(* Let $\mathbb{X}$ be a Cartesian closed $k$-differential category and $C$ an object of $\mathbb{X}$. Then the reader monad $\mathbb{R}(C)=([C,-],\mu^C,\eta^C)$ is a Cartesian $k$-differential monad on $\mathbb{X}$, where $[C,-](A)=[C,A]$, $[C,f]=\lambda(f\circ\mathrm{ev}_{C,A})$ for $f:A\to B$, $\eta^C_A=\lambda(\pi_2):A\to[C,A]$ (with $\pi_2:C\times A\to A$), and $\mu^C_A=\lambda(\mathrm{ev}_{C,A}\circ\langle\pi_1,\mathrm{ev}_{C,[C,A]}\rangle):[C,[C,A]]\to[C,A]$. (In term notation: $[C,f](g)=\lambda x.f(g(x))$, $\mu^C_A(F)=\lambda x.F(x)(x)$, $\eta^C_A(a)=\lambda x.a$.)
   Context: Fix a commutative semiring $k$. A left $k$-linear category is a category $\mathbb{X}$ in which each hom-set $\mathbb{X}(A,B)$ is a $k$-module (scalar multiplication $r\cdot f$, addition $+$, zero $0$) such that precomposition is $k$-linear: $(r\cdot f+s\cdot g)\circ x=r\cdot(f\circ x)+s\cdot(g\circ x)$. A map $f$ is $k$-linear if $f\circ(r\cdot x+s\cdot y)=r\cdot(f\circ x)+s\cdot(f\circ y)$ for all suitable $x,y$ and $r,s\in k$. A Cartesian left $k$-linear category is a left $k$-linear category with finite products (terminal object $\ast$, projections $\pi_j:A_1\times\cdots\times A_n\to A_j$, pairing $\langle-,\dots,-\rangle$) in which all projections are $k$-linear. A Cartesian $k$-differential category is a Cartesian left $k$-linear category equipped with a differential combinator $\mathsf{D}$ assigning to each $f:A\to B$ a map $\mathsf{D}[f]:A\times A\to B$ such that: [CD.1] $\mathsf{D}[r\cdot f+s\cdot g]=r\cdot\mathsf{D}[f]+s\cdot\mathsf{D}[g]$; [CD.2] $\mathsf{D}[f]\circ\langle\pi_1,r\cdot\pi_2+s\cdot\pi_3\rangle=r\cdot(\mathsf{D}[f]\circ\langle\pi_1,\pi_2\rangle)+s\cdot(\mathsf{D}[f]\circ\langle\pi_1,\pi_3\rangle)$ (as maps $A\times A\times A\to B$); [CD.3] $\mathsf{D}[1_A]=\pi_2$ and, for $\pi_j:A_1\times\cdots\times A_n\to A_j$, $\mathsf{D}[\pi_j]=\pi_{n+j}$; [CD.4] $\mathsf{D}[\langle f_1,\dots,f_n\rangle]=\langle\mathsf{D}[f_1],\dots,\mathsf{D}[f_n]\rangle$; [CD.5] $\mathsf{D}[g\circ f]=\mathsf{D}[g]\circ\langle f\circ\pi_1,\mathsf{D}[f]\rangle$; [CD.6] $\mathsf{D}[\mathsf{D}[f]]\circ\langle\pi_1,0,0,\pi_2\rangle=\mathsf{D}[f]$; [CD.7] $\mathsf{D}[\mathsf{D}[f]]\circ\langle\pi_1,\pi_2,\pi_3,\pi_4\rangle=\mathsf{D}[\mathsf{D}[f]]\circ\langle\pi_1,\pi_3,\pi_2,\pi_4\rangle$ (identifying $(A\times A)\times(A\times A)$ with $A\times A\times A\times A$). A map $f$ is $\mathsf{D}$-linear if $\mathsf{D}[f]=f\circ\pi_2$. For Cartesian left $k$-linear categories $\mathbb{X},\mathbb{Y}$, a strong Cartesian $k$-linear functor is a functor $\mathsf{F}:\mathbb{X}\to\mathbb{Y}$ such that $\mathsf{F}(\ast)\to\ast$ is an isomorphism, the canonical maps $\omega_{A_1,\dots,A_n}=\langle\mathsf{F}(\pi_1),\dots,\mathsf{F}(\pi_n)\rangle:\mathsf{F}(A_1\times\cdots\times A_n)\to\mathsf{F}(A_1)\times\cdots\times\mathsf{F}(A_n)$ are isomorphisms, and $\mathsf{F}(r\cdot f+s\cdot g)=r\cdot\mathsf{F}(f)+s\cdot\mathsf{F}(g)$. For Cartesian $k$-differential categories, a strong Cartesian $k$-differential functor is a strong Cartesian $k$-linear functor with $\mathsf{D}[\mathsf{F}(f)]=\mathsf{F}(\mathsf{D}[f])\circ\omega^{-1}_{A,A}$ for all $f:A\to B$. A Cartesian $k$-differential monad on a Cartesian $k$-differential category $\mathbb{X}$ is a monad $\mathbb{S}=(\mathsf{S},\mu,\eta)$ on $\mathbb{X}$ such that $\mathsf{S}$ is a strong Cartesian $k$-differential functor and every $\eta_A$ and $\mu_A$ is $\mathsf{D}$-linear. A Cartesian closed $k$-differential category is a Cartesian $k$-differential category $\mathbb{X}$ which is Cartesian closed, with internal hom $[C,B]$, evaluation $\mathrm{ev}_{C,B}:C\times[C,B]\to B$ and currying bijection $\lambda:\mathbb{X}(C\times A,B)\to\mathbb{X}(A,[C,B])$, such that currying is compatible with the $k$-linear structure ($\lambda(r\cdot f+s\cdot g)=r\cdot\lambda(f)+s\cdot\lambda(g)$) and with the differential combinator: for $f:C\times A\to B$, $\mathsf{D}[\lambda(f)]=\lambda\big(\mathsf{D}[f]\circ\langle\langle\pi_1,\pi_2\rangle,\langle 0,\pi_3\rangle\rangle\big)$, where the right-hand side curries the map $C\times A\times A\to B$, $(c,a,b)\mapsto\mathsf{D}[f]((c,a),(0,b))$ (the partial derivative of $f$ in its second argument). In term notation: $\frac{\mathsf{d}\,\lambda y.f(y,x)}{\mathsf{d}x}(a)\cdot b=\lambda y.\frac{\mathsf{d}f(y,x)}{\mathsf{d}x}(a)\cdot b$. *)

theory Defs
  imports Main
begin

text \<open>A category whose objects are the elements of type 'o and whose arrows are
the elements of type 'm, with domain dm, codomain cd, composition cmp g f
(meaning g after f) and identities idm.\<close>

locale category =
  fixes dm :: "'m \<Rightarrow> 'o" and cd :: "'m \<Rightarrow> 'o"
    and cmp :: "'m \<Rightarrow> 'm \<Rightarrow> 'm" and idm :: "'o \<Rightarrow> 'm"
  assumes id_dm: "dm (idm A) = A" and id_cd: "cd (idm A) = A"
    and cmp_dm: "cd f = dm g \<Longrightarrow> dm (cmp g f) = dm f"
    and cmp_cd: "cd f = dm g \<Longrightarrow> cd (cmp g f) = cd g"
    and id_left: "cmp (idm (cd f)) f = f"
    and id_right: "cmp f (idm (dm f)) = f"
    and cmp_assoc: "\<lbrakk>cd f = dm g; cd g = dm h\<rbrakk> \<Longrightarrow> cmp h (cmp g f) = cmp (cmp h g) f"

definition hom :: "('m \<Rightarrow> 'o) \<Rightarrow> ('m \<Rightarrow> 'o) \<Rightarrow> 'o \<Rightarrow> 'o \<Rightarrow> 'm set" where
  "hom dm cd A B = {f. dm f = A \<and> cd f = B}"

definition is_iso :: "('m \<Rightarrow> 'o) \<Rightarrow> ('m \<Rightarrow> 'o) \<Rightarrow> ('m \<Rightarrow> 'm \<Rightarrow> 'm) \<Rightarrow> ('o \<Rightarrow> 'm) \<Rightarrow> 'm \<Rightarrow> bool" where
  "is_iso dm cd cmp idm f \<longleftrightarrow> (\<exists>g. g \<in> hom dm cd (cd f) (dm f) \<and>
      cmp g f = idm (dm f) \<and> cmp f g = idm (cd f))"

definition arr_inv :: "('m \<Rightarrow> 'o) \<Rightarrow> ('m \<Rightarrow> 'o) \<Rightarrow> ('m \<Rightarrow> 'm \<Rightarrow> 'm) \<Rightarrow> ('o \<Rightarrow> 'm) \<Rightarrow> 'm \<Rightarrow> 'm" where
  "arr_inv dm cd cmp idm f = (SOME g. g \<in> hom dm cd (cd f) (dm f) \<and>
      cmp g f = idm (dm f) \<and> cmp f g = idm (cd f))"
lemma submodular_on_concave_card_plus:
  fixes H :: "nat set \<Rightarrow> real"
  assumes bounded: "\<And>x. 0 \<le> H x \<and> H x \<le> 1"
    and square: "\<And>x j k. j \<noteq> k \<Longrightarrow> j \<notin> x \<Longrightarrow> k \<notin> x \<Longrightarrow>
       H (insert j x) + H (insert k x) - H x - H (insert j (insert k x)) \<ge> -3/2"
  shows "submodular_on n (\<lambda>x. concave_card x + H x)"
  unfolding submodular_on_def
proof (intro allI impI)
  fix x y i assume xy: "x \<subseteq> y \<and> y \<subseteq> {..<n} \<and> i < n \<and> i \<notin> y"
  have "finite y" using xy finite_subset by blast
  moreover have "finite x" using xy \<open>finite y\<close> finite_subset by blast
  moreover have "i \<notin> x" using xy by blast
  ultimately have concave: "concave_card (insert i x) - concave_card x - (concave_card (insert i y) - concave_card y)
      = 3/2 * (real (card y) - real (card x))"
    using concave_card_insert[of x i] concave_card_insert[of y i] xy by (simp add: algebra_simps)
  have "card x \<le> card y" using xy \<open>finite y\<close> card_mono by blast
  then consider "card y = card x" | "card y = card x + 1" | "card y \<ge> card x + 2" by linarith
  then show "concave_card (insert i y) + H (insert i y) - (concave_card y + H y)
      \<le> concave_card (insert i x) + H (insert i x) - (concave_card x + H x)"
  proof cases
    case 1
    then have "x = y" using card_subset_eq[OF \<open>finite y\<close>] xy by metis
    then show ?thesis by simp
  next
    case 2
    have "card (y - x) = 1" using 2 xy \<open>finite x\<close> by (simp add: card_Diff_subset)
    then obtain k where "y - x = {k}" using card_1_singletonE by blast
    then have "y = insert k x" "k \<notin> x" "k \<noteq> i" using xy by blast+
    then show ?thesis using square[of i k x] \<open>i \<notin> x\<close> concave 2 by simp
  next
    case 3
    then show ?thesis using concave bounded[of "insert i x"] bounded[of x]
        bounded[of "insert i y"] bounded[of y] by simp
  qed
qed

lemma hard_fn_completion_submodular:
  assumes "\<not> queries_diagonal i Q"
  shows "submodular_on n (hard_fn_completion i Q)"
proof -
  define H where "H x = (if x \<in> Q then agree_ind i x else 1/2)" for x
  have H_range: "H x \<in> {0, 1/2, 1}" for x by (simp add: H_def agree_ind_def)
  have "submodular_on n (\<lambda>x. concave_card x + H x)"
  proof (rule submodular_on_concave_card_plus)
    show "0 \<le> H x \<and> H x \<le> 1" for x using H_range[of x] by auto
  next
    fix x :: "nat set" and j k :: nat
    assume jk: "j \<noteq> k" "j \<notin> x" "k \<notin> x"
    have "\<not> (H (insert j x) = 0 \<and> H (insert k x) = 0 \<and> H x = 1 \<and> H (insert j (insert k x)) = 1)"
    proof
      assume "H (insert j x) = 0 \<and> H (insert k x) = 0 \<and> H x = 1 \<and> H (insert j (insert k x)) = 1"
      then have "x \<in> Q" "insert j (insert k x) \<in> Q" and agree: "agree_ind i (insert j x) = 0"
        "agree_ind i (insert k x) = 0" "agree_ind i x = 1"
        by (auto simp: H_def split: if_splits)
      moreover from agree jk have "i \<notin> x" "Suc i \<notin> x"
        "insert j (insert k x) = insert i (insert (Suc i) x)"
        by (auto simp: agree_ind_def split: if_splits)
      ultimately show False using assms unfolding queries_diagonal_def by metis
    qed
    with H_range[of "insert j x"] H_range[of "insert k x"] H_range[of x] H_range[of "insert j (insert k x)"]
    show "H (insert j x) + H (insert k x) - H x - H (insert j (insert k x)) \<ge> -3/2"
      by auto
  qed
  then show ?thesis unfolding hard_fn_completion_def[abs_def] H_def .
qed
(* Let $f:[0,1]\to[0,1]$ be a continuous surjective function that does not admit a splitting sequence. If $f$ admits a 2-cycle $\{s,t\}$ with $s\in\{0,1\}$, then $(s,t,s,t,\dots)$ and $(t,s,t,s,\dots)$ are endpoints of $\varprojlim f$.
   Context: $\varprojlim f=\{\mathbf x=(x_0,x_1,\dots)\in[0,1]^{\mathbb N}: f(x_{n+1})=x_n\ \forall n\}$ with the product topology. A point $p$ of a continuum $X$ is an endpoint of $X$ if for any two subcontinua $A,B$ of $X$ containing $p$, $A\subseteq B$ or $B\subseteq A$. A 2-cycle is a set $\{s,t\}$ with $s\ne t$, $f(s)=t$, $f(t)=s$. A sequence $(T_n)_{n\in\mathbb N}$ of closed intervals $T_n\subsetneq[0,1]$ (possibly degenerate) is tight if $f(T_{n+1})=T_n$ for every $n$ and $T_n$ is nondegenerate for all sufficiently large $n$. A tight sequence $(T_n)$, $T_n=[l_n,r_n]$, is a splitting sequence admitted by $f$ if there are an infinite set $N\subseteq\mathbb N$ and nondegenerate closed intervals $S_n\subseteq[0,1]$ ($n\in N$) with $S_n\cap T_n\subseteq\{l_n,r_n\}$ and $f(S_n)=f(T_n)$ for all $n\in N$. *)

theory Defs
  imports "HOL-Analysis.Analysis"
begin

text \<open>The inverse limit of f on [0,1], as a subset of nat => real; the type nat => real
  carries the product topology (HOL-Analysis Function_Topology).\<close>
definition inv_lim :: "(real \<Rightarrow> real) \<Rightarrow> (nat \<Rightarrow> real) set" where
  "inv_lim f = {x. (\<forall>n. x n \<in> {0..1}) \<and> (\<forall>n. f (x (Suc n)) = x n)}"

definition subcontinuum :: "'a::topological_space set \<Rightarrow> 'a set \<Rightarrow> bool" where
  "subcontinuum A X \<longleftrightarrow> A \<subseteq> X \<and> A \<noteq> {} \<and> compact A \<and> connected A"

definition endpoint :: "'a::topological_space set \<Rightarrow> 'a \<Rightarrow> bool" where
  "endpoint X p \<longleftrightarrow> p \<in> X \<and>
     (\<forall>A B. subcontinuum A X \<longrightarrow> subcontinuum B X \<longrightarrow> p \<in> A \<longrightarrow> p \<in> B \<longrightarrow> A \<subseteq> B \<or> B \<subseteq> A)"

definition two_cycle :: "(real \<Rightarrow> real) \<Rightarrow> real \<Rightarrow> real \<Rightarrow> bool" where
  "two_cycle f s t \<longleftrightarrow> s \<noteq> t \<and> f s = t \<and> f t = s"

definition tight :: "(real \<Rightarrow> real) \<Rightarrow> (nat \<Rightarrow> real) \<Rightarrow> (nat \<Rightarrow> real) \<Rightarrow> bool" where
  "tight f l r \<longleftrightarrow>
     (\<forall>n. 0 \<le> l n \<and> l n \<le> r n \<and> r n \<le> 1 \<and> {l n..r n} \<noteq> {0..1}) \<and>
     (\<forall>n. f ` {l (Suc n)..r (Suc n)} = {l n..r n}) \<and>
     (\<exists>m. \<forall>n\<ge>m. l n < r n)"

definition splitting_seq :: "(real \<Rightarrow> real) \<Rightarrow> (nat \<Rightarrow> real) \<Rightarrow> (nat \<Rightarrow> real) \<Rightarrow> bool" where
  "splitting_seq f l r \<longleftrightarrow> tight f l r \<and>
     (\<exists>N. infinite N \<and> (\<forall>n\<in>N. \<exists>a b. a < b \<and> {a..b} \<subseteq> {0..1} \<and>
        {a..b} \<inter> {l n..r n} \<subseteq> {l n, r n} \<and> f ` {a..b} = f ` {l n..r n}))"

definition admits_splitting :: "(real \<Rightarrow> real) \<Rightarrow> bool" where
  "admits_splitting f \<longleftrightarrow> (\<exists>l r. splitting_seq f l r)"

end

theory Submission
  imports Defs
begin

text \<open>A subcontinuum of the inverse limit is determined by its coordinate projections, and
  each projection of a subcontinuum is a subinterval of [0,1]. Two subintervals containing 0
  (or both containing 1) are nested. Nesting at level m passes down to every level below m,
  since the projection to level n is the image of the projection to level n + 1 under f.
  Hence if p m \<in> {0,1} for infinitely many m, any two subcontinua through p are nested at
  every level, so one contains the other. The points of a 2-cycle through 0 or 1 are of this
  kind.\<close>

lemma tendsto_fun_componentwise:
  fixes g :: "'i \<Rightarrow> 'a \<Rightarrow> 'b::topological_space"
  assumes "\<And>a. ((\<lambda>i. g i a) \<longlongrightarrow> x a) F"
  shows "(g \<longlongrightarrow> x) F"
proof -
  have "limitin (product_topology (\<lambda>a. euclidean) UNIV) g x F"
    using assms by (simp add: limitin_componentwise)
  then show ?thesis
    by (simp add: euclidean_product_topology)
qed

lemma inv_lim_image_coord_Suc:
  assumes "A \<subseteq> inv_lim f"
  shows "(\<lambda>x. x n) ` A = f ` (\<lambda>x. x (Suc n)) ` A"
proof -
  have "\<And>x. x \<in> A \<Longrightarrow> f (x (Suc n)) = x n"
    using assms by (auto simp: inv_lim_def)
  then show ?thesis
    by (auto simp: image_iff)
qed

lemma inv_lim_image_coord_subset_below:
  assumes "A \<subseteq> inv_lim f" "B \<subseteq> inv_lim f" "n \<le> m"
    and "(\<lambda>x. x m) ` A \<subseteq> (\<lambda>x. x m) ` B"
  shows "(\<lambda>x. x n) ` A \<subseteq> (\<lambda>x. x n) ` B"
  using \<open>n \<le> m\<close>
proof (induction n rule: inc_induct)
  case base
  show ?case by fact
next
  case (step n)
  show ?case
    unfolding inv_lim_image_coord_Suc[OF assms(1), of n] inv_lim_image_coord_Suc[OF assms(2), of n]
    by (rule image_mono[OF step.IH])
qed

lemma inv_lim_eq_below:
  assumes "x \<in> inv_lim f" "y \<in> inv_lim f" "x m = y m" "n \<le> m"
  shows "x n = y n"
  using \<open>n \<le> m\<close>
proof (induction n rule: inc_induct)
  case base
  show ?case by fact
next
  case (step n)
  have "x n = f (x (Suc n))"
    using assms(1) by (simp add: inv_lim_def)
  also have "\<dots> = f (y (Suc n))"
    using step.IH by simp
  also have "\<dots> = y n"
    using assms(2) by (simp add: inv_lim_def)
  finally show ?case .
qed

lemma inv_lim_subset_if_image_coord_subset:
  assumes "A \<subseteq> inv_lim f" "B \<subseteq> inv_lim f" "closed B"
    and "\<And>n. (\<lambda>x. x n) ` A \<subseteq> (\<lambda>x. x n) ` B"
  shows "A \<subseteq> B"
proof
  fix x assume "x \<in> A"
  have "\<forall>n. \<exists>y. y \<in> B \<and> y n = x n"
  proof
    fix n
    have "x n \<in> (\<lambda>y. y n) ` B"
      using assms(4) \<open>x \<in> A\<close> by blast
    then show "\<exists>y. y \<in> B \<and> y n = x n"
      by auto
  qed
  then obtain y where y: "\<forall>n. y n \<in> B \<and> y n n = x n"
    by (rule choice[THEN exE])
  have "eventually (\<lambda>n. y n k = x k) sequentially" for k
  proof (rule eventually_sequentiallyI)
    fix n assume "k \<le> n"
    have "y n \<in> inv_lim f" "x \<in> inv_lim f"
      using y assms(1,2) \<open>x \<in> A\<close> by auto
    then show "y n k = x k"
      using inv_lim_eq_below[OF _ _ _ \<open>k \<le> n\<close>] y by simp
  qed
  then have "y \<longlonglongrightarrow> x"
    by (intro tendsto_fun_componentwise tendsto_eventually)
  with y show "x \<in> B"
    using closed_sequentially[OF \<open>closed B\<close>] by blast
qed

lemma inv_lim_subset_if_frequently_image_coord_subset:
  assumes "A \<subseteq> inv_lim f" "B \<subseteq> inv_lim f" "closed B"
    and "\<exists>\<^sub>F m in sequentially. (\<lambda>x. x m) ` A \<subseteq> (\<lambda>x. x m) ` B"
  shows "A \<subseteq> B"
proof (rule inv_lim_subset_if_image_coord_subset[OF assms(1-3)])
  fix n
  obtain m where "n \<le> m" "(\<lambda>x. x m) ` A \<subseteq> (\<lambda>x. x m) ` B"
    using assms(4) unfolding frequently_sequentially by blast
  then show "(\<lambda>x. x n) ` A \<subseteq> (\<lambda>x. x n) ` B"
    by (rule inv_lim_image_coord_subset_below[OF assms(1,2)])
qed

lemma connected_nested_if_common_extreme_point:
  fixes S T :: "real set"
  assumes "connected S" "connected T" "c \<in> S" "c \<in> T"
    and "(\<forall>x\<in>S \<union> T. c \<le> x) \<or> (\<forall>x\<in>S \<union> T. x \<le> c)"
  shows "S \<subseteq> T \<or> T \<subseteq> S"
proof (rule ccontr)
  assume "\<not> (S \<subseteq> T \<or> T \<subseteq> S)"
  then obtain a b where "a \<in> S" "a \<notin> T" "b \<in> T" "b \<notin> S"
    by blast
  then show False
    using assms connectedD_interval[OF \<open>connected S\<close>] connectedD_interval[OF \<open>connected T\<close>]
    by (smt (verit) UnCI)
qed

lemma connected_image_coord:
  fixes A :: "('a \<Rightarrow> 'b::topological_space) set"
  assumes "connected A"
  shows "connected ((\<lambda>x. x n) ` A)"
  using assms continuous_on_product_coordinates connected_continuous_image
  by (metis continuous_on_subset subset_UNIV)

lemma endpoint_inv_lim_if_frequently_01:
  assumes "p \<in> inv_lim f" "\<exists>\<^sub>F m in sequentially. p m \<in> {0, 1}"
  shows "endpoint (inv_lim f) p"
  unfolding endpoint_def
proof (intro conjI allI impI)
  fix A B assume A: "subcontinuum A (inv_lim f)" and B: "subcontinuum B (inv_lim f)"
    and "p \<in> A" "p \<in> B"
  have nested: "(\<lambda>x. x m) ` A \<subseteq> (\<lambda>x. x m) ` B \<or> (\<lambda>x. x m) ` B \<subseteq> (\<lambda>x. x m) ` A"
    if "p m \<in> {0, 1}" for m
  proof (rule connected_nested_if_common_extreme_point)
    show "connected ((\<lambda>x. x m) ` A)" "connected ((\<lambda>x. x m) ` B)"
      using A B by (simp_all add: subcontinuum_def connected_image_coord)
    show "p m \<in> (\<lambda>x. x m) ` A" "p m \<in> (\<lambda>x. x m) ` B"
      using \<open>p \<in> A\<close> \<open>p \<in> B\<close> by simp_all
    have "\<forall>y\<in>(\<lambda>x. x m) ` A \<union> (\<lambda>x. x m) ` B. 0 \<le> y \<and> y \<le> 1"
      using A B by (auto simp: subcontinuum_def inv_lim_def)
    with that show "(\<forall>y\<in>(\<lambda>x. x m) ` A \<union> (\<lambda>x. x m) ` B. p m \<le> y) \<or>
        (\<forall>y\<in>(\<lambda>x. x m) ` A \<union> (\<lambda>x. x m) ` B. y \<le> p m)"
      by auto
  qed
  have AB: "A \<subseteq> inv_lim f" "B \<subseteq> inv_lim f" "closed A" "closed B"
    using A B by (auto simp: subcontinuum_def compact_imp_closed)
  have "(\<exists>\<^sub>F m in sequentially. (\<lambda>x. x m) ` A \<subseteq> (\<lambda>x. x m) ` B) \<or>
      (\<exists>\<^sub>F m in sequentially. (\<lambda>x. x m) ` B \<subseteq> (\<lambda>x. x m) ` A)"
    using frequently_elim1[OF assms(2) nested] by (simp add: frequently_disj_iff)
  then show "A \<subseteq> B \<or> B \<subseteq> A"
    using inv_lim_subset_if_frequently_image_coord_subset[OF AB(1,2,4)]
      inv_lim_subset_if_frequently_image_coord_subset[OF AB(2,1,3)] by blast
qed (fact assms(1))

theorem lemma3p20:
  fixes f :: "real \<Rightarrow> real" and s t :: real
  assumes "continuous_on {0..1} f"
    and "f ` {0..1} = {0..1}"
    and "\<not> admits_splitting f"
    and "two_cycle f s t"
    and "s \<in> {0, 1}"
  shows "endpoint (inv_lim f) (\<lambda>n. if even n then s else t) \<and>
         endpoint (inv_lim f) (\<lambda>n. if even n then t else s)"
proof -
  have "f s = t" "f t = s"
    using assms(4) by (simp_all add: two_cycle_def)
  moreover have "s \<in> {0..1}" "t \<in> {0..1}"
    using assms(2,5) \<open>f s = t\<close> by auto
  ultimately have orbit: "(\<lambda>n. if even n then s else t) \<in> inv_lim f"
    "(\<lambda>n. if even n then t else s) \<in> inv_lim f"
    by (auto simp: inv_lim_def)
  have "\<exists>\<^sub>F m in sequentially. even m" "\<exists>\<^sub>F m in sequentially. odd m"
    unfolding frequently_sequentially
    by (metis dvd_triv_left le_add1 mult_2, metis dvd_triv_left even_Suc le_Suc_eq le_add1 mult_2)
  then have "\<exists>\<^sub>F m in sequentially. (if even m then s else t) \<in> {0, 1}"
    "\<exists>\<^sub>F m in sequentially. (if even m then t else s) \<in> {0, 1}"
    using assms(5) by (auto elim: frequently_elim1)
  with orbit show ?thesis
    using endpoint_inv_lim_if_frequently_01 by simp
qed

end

# # # # #

§ Your goal
Which lines of the listing contain the string "union"? Copy every one of them.

§ Response
    and "(\<forall>x\<in>S \<union> T. c \<le> x) \<or> (\<forall>x\<in>S \<union> T. x \<le> c)"
    have "\<forall>y\<in>(\<lambda>x. x m) ` A \<union> (\<lambda>x. x m) ` B. 0 \<le> y \<and> y \<le> 1"
    with that show "(\<forall>y\<in>(\<lambda>x. x m) ` A \<union> (\<lambda>x. x m) ` B. p m \<le> y) \<or>
        (\<forall>y\<in>(\<lambda>x. x m) ` A \<union> (\<lambda>x. x m) ` B. y \<le> p m)"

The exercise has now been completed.